Work to be completed: Take every line from the listing below that includes "alpha" and copy it.

Given records:
^^^^^^^^^^^^^^^^

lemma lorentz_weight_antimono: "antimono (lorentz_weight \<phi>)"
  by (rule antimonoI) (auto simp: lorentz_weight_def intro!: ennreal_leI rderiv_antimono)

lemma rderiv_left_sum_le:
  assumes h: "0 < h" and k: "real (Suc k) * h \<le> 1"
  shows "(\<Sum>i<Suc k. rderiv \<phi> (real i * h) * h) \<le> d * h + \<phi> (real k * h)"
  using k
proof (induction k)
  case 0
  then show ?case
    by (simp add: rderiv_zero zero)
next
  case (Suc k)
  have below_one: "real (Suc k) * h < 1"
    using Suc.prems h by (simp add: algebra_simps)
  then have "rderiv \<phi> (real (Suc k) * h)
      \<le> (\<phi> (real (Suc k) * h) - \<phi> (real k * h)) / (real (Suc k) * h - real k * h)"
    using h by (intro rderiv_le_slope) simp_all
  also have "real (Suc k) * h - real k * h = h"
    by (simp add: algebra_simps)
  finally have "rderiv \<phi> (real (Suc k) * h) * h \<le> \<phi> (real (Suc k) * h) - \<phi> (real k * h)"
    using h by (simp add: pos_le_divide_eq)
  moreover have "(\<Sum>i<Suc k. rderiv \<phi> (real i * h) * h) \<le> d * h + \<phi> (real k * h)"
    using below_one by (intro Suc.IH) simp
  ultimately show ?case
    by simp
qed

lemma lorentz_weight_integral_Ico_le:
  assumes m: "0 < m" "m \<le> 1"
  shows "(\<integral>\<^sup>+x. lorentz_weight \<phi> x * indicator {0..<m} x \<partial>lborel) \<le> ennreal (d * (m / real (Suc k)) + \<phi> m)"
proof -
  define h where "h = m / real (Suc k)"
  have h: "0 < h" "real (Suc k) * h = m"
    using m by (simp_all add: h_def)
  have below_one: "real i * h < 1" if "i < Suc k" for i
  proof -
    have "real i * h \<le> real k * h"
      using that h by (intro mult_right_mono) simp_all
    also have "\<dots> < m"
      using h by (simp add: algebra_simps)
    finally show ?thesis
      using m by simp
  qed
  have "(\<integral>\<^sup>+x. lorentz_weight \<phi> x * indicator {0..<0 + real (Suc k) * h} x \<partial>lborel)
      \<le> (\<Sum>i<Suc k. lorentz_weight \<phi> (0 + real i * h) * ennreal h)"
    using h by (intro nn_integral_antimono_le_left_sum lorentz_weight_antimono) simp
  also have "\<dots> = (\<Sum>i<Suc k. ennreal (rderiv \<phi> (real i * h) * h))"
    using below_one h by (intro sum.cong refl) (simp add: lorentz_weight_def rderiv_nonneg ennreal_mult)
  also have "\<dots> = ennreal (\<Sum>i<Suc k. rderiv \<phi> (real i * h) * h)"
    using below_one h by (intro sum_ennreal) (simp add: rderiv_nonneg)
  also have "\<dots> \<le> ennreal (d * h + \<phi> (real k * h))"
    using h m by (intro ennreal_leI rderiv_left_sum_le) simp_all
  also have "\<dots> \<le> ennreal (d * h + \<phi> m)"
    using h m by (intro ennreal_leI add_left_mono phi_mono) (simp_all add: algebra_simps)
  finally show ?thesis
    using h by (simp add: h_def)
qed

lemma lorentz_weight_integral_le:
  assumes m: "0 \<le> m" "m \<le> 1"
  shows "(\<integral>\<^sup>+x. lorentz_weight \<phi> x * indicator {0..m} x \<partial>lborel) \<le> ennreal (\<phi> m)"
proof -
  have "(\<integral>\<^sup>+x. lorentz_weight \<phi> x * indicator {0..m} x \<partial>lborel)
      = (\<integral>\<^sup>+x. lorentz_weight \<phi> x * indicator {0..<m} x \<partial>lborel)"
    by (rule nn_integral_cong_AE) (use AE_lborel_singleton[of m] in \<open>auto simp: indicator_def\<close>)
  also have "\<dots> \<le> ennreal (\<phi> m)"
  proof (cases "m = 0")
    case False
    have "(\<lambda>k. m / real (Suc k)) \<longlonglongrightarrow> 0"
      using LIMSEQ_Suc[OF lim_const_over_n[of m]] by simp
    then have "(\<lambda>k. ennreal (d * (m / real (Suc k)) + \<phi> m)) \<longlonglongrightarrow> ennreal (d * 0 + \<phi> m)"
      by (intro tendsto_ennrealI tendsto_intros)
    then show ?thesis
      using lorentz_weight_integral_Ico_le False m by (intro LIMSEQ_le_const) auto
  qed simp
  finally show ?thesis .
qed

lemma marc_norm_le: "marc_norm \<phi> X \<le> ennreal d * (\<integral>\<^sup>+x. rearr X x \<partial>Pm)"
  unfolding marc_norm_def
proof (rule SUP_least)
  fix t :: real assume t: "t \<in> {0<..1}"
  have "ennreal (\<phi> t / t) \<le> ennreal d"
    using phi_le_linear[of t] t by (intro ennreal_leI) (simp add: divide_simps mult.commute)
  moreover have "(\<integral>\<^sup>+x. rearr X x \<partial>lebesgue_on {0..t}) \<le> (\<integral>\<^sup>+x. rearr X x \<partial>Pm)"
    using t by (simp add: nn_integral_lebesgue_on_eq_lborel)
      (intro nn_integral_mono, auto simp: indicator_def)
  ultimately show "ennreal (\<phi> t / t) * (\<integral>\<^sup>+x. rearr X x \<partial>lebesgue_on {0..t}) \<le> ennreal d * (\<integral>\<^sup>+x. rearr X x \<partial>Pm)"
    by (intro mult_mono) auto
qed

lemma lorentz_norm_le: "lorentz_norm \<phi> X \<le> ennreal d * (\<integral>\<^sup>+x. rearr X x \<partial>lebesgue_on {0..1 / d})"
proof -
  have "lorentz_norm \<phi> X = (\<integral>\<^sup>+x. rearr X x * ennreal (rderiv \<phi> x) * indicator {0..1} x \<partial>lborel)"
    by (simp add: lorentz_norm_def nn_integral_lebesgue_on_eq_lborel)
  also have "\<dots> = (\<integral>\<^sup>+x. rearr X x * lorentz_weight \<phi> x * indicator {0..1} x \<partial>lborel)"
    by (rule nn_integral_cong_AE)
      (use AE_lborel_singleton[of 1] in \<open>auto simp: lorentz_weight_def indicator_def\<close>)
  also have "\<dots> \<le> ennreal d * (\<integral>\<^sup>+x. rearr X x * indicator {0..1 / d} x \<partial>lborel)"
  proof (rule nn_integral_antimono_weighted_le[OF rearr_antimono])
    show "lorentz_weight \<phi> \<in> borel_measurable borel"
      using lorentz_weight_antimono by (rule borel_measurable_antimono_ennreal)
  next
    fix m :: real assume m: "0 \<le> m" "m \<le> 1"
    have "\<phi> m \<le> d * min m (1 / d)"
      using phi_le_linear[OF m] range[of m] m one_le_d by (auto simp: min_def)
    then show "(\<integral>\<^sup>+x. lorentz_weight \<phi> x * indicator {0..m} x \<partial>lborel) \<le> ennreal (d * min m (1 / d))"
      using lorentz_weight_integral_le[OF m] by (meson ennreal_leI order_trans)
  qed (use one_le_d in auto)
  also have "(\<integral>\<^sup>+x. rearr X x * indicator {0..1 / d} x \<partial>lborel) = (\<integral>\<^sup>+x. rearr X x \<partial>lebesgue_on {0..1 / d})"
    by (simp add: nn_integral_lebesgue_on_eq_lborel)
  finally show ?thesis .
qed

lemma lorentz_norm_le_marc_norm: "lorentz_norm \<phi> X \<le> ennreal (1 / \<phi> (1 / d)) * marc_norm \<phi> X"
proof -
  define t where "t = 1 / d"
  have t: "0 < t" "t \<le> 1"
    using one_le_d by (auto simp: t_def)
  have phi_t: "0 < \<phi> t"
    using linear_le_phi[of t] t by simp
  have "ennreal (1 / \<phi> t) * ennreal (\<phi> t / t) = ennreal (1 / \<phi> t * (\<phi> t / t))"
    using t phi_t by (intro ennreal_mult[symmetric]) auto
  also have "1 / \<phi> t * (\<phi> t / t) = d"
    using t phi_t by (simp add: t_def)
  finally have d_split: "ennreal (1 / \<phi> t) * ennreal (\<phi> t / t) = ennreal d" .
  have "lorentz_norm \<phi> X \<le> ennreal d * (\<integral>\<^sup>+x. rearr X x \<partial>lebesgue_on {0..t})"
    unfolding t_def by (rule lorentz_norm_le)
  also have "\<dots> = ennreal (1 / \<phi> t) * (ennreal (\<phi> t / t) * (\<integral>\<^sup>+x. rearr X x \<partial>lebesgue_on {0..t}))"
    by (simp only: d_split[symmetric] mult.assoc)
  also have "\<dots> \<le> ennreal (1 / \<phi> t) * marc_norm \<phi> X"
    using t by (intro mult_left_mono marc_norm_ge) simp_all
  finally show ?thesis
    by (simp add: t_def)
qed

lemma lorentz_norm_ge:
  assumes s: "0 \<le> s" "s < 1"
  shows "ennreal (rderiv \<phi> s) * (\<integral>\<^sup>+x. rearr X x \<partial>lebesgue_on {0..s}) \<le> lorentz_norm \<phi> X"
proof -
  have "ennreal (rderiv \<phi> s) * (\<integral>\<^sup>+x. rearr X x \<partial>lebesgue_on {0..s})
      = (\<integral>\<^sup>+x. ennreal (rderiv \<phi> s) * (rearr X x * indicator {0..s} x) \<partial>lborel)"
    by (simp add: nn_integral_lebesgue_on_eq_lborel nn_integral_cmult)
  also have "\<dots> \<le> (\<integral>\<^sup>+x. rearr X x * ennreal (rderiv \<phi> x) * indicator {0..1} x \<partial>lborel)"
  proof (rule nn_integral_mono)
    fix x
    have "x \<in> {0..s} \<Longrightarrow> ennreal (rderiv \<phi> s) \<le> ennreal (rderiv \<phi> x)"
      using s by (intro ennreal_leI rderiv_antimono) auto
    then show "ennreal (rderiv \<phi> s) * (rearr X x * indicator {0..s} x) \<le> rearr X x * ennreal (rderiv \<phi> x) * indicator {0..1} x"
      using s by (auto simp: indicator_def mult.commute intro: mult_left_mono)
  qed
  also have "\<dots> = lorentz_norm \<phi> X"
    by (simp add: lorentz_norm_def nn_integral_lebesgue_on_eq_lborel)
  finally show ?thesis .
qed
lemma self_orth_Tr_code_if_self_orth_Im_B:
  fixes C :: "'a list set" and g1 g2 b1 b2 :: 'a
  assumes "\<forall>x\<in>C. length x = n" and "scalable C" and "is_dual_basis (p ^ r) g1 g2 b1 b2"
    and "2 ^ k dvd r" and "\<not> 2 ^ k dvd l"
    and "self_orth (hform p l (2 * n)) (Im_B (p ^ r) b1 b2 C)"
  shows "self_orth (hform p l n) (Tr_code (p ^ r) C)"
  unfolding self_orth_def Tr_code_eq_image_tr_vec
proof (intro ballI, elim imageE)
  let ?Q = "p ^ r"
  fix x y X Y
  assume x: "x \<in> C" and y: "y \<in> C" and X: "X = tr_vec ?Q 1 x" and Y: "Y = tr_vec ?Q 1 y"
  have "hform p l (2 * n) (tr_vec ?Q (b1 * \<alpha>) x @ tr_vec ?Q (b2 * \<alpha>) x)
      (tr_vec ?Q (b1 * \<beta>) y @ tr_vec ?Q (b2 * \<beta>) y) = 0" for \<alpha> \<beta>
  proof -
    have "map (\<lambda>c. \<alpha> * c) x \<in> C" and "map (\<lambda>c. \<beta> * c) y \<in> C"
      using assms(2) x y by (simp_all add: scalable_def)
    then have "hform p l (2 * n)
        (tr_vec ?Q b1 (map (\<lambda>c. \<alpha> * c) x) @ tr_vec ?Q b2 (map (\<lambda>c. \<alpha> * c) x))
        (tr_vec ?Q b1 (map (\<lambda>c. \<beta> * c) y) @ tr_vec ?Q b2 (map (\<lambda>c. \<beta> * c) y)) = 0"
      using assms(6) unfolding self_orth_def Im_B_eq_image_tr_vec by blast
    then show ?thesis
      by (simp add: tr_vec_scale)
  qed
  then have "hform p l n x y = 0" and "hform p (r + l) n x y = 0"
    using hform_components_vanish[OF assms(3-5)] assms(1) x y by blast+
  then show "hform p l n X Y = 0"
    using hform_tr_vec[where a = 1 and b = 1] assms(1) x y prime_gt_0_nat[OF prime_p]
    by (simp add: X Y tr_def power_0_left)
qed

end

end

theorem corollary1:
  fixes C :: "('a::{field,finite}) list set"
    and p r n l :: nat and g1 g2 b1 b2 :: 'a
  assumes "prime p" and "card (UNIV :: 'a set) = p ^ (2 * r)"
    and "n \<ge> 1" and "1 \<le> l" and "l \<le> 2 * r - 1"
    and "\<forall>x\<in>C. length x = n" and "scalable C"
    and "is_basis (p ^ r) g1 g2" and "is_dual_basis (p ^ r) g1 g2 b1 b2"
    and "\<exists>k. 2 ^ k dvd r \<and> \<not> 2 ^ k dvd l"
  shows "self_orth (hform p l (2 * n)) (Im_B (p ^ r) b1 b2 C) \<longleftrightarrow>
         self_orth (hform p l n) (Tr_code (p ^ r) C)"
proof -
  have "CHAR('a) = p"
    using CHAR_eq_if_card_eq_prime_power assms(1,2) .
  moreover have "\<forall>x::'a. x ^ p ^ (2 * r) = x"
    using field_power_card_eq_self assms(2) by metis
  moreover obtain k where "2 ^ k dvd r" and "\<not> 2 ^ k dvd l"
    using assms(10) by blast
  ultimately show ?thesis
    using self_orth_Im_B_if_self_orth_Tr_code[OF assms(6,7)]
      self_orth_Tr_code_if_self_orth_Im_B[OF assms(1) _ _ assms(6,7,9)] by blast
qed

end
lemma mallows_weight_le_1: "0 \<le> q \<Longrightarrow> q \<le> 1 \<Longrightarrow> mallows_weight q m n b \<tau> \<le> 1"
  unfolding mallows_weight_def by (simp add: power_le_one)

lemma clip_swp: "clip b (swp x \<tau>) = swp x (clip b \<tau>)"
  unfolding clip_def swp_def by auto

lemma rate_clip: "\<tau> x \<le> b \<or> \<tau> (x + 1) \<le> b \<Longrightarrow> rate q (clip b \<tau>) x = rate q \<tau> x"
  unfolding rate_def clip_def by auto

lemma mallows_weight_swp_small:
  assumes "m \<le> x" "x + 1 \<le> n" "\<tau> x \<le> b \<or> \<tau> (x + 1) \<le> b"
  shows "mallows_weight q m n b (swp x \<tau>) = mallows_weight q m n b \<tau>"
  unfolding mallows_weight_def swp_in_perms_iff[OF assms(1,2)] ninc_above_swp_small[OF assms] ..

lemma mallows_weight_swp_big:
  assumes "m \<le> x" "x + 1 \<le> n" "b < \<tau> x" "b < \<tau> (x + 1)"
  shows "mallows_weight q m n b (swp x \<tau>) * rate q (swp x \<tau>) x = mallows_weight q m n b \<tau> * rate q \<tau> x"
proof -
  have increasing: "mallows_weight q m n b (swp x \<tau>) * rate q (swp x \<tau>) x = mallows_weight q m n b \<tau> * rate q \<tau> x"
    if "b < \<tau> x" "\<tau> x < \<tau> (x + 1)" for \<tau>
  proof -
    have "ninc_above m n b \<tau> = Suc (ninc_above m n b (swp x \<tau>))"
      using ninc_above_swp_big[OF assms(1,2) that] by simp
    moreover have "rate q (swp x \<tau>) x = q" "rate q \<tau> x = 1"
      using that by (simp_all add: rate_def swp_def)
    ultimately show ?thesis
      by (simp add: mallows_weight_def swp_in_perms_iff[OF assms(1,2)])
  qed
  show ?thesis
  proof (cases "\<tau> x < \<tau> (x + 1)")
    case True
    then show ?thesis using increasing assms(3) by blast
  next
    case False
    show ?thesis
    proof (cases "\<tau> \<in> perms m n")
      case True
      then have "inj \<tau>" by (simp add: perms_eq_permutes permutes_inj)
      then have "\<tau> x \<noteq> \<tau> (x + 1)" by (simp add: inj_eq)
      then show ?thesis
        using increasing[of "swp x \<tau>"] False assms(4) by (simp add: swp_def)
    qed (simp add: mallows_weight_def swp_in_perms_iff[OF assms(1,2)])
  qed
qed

^^^^^^^^^^^^^^^^

Output of the task:
  have "hform p l (2 * n) (tr_vec ?Q (b1 * \<alpha>) x @ tr_vec ?Q (b2 * \<alpha>) x)
      (tr_vec ?Q (b1 * \<beta>) y @ tr_vec ?Q (b2 * \<beta>) y) = 0" for \<alpha> \<beta>
    have "map (\<lambda>c. \<alpha> * c) x \<in> C" and "map (\<lambda>c. \<beta> * c) y \<in> C"
        (tr_vec ?Q b1 (map (\<lambda>c. \<alpha> * c) x) @ tr_vec ?Q b2 (map (\<lambda>c. \<alpha> * c) x))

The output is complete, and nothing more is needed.